*Exercise*
Please repeat, from the entries that follow, the lines from the one containing "using that by" through the one containing "(set_mset (M +" exactly, adding nothing.

___ Entries shown

(* Let $\mathcal{C}$ be a chordal $d$-uniform clutter on $[n]$ and let $\mathbf{e}$ and $\mathbf{e}'$ be two simplicial orders of $\mathcal{C}$. Then the simplicial multisets associated with $\mathbf{e}$ and $\mathbf{e}'$ coincide. In particular, all simplicial orders of $\mathcal{C}$ have the same length.
   Context: A $d$-uniform clutter $\mathcal{C}$ on $[n]$ is a set of $d$-element subsets of $[n]$. A $(d-1)$-subset $e$ is a submaximal circuit of $\mathcal{C}$ if $e\subset F$ for some $F\in\mathcal{C}$. A subset $V\subseteq[n]$ is a clique of $\mathcal{C}$ if every $d$-subset of $V$ belongs to $\mathcal{C}$. For a $(d-1)$-subset $e$, $\mathrm{N}_{\mathcal{C}}(e)=\{c\in[n]: e\cup\{c\}\in\mathcal{C}\}$ and $\mathrm{N}_{\mathcal{C}}[e]=e\cup\mathrm{N}_{\mathcal{C}}(e)$; $e$ is simplicial in $\mathcal{C}$ if it is a submaximal circuit and $\mathrm{N}_{\mathcal{C}}[e]$ is a clique. Deletion: $\mathcal{C}\setminus e=\{F\in\mathcal{C}: e\not\subset F\}$; $\mathcal{C}_{e_1\cdots e_i}$ denotes successive deletion of $e_1,\ldots,e_i$. A simplicial order of $\mathcal{C}$ is a sequence $e_1,\ldots,e_r$ with $e_1$ simplicial in $\mathcal{C}$, $e_i$ simplicial in $\mathcal{C}_{e_1\cdots e_{i-1}}$ for $i>1$, and $\mathcal{C}_{e_1\cdots e_r}=\emptyset$; $\mathcal{C}$ is chordal if it has a simplicial order. The simplicial multiset of the order is the multiset $\{N_1,\ldots,N_r\}$ with $N_1=|\mathrm{N}_{\mathcal{C}}(e_1)|$, $N_i=|\mathrm{N}_{\mathcal{C}_{e_1\cdots e_{i-1}}}(e_i)|$ for $i>1$. *)

theory Defs
  imports Main "HOL-Library.Multiset"
begin

definition uniform_clutter :: "nat \<Rightarrow> nat \<Rightarrow> nat set set \<Rightarrow> bool" where
  "uniform_clutter n d C \<longleftrightarrow> (\<forall>F\<in>C. F \<subseteq> {1..n} \<and> card F = d)"

definition submaximal_circuit :: "nat \<Rightarrow> nat set set \<Rightarrow> nat set \<Rightarrow> bool" where
  "submaximal_circuit d C e \<longleftrightarrow> card e = d - 1 \<and> finite e \<and> (\<exists>F\<in>C. e \<subset> F)"

definition is_clique :: "nat \<Rightarrow> nat \<Rightarrow> nat set set \<Rightarrow> nat set \<Rightarrow> bool" where
  "is_clique n d C V \<longleftrightarrow> V \<subseteq> {1..n} \<and> (\<forall>S. S \<subseteq> V \<and> card S = d \<longrightarrow> S \<in> C)"

definition nbhd :: "nat \<Rightarrow> nat set set \<Rightarrow> nat set \<Rightarrow> nat set" where
  "nbhd n C e = {c \<in> {1..n}. e \<union> {c} \<in> C}"

definition closed_nbhd :: "nat \<Rightarrow> nat set set \<Rightarrow> nat set \<Rightarrow> nat set" where
  "closed_nbhd n C e = e \<union> nbhd n C e"

definition simplicial :: "nat \<Rightarrow> nat \<Rightarrow> nat set set \<Rightarrow> nat set \<Rightarrow> bool" where
  "simplicial n d C e \<longleftrightarrow> submaximal_circuit d C e \<and> is_clique n d C (closed_nbhd n C e)"

definition delete :: "nat set set \<Rightarrow> nat set \<Rightarrow> nat set set" where
  "delete C e = {F \<in> C. \<not> e \<subseteq> F}"

fun simplicial_order :: "nat \<Rightarrow> nat \<Rightarrow> nat set set \<Rightarrow> nat set list \<Rightarrow> bool" where
  "simplicial_order n d C [] \<longleftrightarrow> C = {}"
| "simplicial_order n d C (e # es) \<longleftrightarrow>
     simplicial n d C e \<and> simplicial_order n d (delete C e) es"

definition chordal :: "nat \<Rightarrow> nat \<Rightarrow> nat set set \<Rightarrow> bool" where
  "chordal n d C \<longleftrightarrow> (\<exists>es. simplicial_order n d C es)"

fun simplicial_seq :: "nat \<Rightarrow> nat set set \<Rightarrow> nat set list \<Rightarrow> nat list" where
  "simplicial_seq n C [] = []"
| "simplicial_seq n C (e # es) = card (nbhd n C e) # simplicial_seq n (delete C e) es"

definition simplicial_multiset :: "nat \<Rightarrow> nat set set \<Rightarrow> nat set list \<Rightarrow> nat multiset" where
  "simplicial_multiset n C es = mset (simplicial_seq n C es)"

end

theory Submission
  imports Defs
begin

text \<open>Deleting a simplicial submaximal circuit e destroys exactly the cliques of size
  d - 1 + j that contain e, and these are the sets e \<union> S with S a j-subset of N(e).
  Hence along any simplicial order the number of (d - 1 + j)-cliques of the clutter equals
  the sum of (N_i choose j) for every j \<ge> 1, a quantity independent of the order. These
  binomial moments determine a multiset of positive integers: its largest possible element m
  occurs exactly (the sum of (N_i choose m)) times, and one peels it off and continues.\<close>

subsection \<open>Binomial moments of a multiset\<close>

definition binomial_moment :: "nat multiset \<Rightarrow> nat \<Rightarrow> nat" where
  "binomial_moment M j = (\<Sum>x\<in>#M. x choose j)"

lemma binomial_moment_empty [simp]: "binomial_moment {#} j = 0"
  by (simp add: binomial_moment_def)

lemma binomial_moment_add_mset [simp]:
  "binomial_moment (add_mset x M) j = (x choose j) + binomial_moment M j"
  by (simp add: binomial_moment_def)

lemma binomial_moment_union: "binomial_moment (M + N) j = binomial_moment M j + binomial_moment N j"
  by (simp add: binomial_moment_def)

lemma binomial_moment_replicate_mset: "binomial_moment (replicate_mset c x) j = c * (x choose j)"
  by (induction c) auto

lemma binomial_moment_eq_count_if_bounded:
  assumes "set_mset M \<subseteq> {..m}"
  shows "binomial_moment M m = count M m"
  using assms by (induction M) (auto simp: binomial_eq_0)

lemma multiset_eq_if_binomial_moments_eq_bounded:
  assumes "set_mset M \<subseteq> {1..b}" "set_mset M' \<subseteq> {1..b}"
    and "\<forall>j\<ge>1. binomial_moment M j = binomial_moment M' j"
  shows "M = M'"
  using assms
proof (induction b arbitrary: M M')
  case 0
  then show ?case by simp
next
  case (Suc b)
  let ?m = "Suc b"
  have top: "count M ?m = count M' ?m"
    using Suc.prems binomial_moment_eq_count_if_bounded[of M ?m] binomial_moment_eq_count_if_bounded[of M' ?m]
    by fastforce
  define R where "R N = {#x \<in># N. x \<noteq> ?m#}" for N
  have split: "N = R N + replicate_mset (count N ?m) ?m" for N
    unfolding R_def using multiset_partition[where M = N and P = "\<lambda>x. x \<noteq> ?m"]
      filter_eq_replicate_mset[where D = N and x = ?m] by simp
  have moment_split: "binomial_moment N j = binomial_moment (R N) j + count N ?m * (?m choose j)"
    for N j
    by (subst split) (simp add: binomial_moment_union binomial_moment_replicate_mset)
  have "\<forall>j\<ge>1. binomial_moment (R M) j = binomial_moment (R M') j"
    using Suc.prems(3) top moment_split[of M] moment_split[of M'] by simp
  moreover have "set_mset (R N) \<subseteq> {1..b}" if "set_mset N \<subseteq> {1..?m}" for N
    using that by (auto simp: R_def le_Suc_eq)
  ultimately have "R M = R M'"
    using Suc.IH[of "R M" "R M'"] Suc.prems(1,2) by blast
  have "M = R M + replicate_mset (count M ?m) ?m"
    by (rule split)
  also have "\<dots> = R M' + replicate_mset (count M' ?m) ?m"
    using \<open>R M = R M'\<close> top by simp
  also have "\<dots> = M'"
    by (rule split[symmetric])
  finally show ?case .
qed

lemma multiset_eq_if_binomial_moments_eq:
  assumes "0 \<notin># M" "0 \<notin># M'"
    and "\<forall>j\<ge>1. binomial_moment M j = binomial_moment M' j"
  shows "M = M'"
proof (rule multiset_eq_if_binomial_moments_eq_bounded[OF _ _ assms(3)])
  let ?b = "Max (set_mset (M + M'))"
  show "set_mset M \<subseteq> {1..?b}" "set_mset M' \<subseteq> {1..?b}"
    using assms(1,2) by (auto simp: Suc_le_eq intro: gr0I)
qed

lemma uniform_clutter_delete: "uniform_clutter n d C \<Longrightarrow> uniform_clutter n d (delete C e)"
  by (auto simp: uniform_clutter_def delete_def)

lemma finite_nbhd: "finite (nbhd n C e)"
  by (simp add: nbhd_def)

lemma submaximal_circuit_dim_pos:
  assumes "uniform_clutter n d C" "submaximal_circuit d C e"
  shows "0 < d"
proof -
  obtain F where F: "F \<in> C" "e \<subset> F"
    using assms(2) by (auto simp: submaximal_circuit_def)
  then have "finite F" "card F = d"
    using assms(1) finite_subset[of F "{1..n}"] by (auto simp: uniform_clutter_def)
  then show ?thesis
    using F(2) psubset_card_mono by fastforce
qed

lemma submaximal_circuit_nbhd_disjoint:
  assumes "uniform_clutter n d C" "submaximal_circuit d C e"
  shows "e \<inter> nbhd n C e = {}"
proof -
  have "e \<notin> C"
    using assms submaximal_circuit_dim_pos[OF assms]
    by (auto simp: uniform_clutter_def submaximal_circuit_def)
  then show ?thesis
    by (auto simp: nbhd_def insert_absorb)
qed

lemma submaximal_circuit_nbhd_nonempty:
  assumes "uniform_clutter n d C" "submaximal_circuit d C e"
  shows "nbhd n C e \<noteq> {}"
proof -
  obtain F where F: "F \<in> C" "e \<subset> F"
    using assms(2) by (auto simp: submaximal_circuit_def)
  have F_props: "F \<subseteq> {1..n}" "card F = d" "finite F"
    using assms(1) F(1) finite_subset[of F "{1..n}"] by (auto simp: uniform_clutter_def)
  obtain c where c: "c \<in> F" "c \<notin> e"
    using F(2) by auto
  have "card (insert c e) = d"
    using c assms(2) submaximal_circuit_dim_pos[OF assms] by (simp add: submaximal_circuit_def)
  then have "insert c e = F"
    using c F(2) F_props card_subset_eq[of F "insert c e"] by auto
  then have "c \<in> nbhd n C e"
    using F(1) F_props(1) c(1) by (auto simp: nbhd_def)
  then show ?thesis by auto
qed

definition cliques :: "nat \<Rightarrow> nat \<Rightarrow> nat set set \<Rightarrow> nat \<Rightarrow> nat set set" where
  "cliques n d C k = {V. card V = k \<and> is_clique n d C V}"

lemma finite_cliques: "finite (cliques n d C k)"
  by (rule finite_subset[of _ "Pow {1..n}"]) (auto simp: cliques_def is_clique_def)

lemma is_clique_finite: "is_clique n d C V \<Longrightarrow> finite V"
  by (auto simp: is_clique_def intro: finite_subset)

lemma is_clique_subset: "is_clique n d C V \<Longrightarrow> W \<subseteq> V \<Longrightarrow> is_clique n d C W"
  by (auto simp: is_clique_def)

lemma is_clique_empty_card_less:
  assumes "is_clique n d {} V"
  shows "card V < d"
proof (rule ccontr)
  assume "\<not> card V < d"
  then obtain S where "S \<subseteq> V" "card S = d"
    using obtain_subset_with_card_n by (metis not_less)
  then show False
    using assms by (auto simp: is_clique_def)
qed

lemma cliques_empty: "d \<le> k \<Longrightarrow> cliques n d {} k = {}"
  using is_clique_empty_card_less by (fastforce simp: cliques_def)

lemma is_clique_delete_iff:
  "\<not> e \<subseteq> V \<Longrightarrow> is_clique n d (delete C e) V \<longleftrightarrow> is_clique n d C V"
  by (auto simp: is_clique_def delete_def)

lemma is_clique_delete_not_superset:
  assumes clique: "is_clique n d (delete C e) V" and "card e \<le> d" "d \<le> card V"
  shows "\<not> e \<subseteq> V"
proof
  assume sub: "e \<subseteq> V"
  have fin: "finite V" "finite e"
    using is_clique_finite[OF clique] sub finite_subset by auto
  have "d - card e \<le> card (V - e)"
    using assms(3) sub fin by (simp add: card_Diff_subset)
  then obtain T where T: "T \<subseteq> V - e" "card T = d - card e"
    using obtain_subset_with_card_n by metis
  have "card (e \<union> T) = d"
    using T assms(2) fin finite_subset[of T V] by (subst card_Un_disjoint) auto
  moreover have "e \<union> T \<subseteq> V"
    using sub T(1) by blast
  ultimately have "e \<union> T \<in> delete C e"
    using clique by (simp add: is_clique_def)
  then show False
    by (simp add: delete_def)
qed

lemma is_clique_superset_iff:
  assumes uc: "uniform_clutter n d C" and s: "simplicial n d C e" and sub: "e \<subseteq> V"
  shows "is_clique n d C V \<longleftrightarrow> V - e \<subseteq> nbhd n C e"
proof
  assume clique: "is_clique n d C V"
  show "V - e \<subseteq> nbhd n C e"
  proof
    fix c assume c: "c \<in> V - e"
    have "0 < d"
      using submaximal_circuit_dim_pos uc s by (auto simp: simplicial_def)
    then have "card (e \<union> {c}) = d"
      using c s by (auto simp: simplicial_def submaximal_circuit_def)
    then show "c \<in> nbhd n C e"
      using clique c sub by (auto simp: is_clique_def nbhd_def)
  qed
next
  assume "V - e \<subseteq> nbhd n C e"
  then have "V \<subseteq> closed_nbhd n C e"
    by (auto simp: closed_nbhd_def)
  then show "is_clique n d C V"
    using s is_clique_subset by (auto simp: simplicial_def)
qed

subsection \<open>Counting cliques along a simplicial order\<close>

lemma cliques_superset_eq_image:
  assumes uc: "uniform_clutter n d C" and s: "simplicial n d C e"
  shows "{V \<in> cliques n d C (card e + j). e \<subseteq> V} =
    (\<union>) e ` {S. S \<subseteq> nbhd n C e \<and> card S = j}"
proof -
  have disj: "e \<inter> nbhd n C e = {}" and fin: "finite e"
    using submaximal_circuit_nbhd_disjoint[OF uc] s by (auto simp: simplicial_def submaximal_circuit_def)
  have card_union: "card (e \<union> S) = card e + card S" if "S \<subseteq> nbhd n C e" for S
    using that disj fin finite_subset[OF that finite_nbhd] by (subst card_Un_disjoint) auto
  show ?thesis
  proof (intro equalityI subsetI)
    fix V assume "V \<in> {V \<in> cliques n d C (card e + j). e \<subseteq> V}"
    then have V: "card V = card e + j" "is_clique n d C V" "e \<subseteq> V"
      by (auto simp: cliques_def)
    have "V - e \<subseteq> nbhd n C e" "V = e \<union> (V - e)"
      using V is_clique_superset_iff[OF uc s] by auto
    moreover have "card (V - e) = j"
      using V fin is_clique_finite by (simp add: card_Diff_subset)
    ultimately show "V \<in> (\<union>) e ` {S. S \<subseteq> nbhd n C e \<and> card S = j}"
      by blast
  next
    fix V assume "V \<in> (\<union>) e ` {S. S \<subseteq> nbhd n C e \<and> card S = j}"
    then obtain S where "S \<subseteq> nbhd n C e" "card S = j" "V = e \<union> S"
      by auto
    then show "V \<in> {V \<in> cliques n d C (card e + j). e \<subseteq> V}"
      using card_union is_clique_superset_iff[OF uc s, of V] by (auto simp: cliques_def)
  qed
qed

______

*Exercise solution*
    using that by (auto simp: R_def le_Suc_eq)
  ultimately have "R M = R M'"
    using Suc.IH[of "R M" "R M'"] Suc.prems(1,2) by blast
  have "M = R M + replicate_mset (count M ?m) ?m"
    by (rule split)
  also have "\<dots> = R M' + replicate_mset (count M' ?m) ?m"
    using \<open>R M = R M'\<close> top by simp
  also have "\<dots> = M'"
    by (rule split[symmetric])
  finally show ?case .
qed

lemma multiset_eq_if_binomial_moments_eq:
  assumes "0 \<notin># M" "0 \<notin># M'"
    and "\<forall>j\<ge>1. binomial_moment M j = binomial_moment M' j"
  shows "M = M'"
proof (rule multiset_eq_if_binomial_moments_eq_bounded[OF _ _ assms(3)])
  let ?b = "Max (set_mset (M + M'))"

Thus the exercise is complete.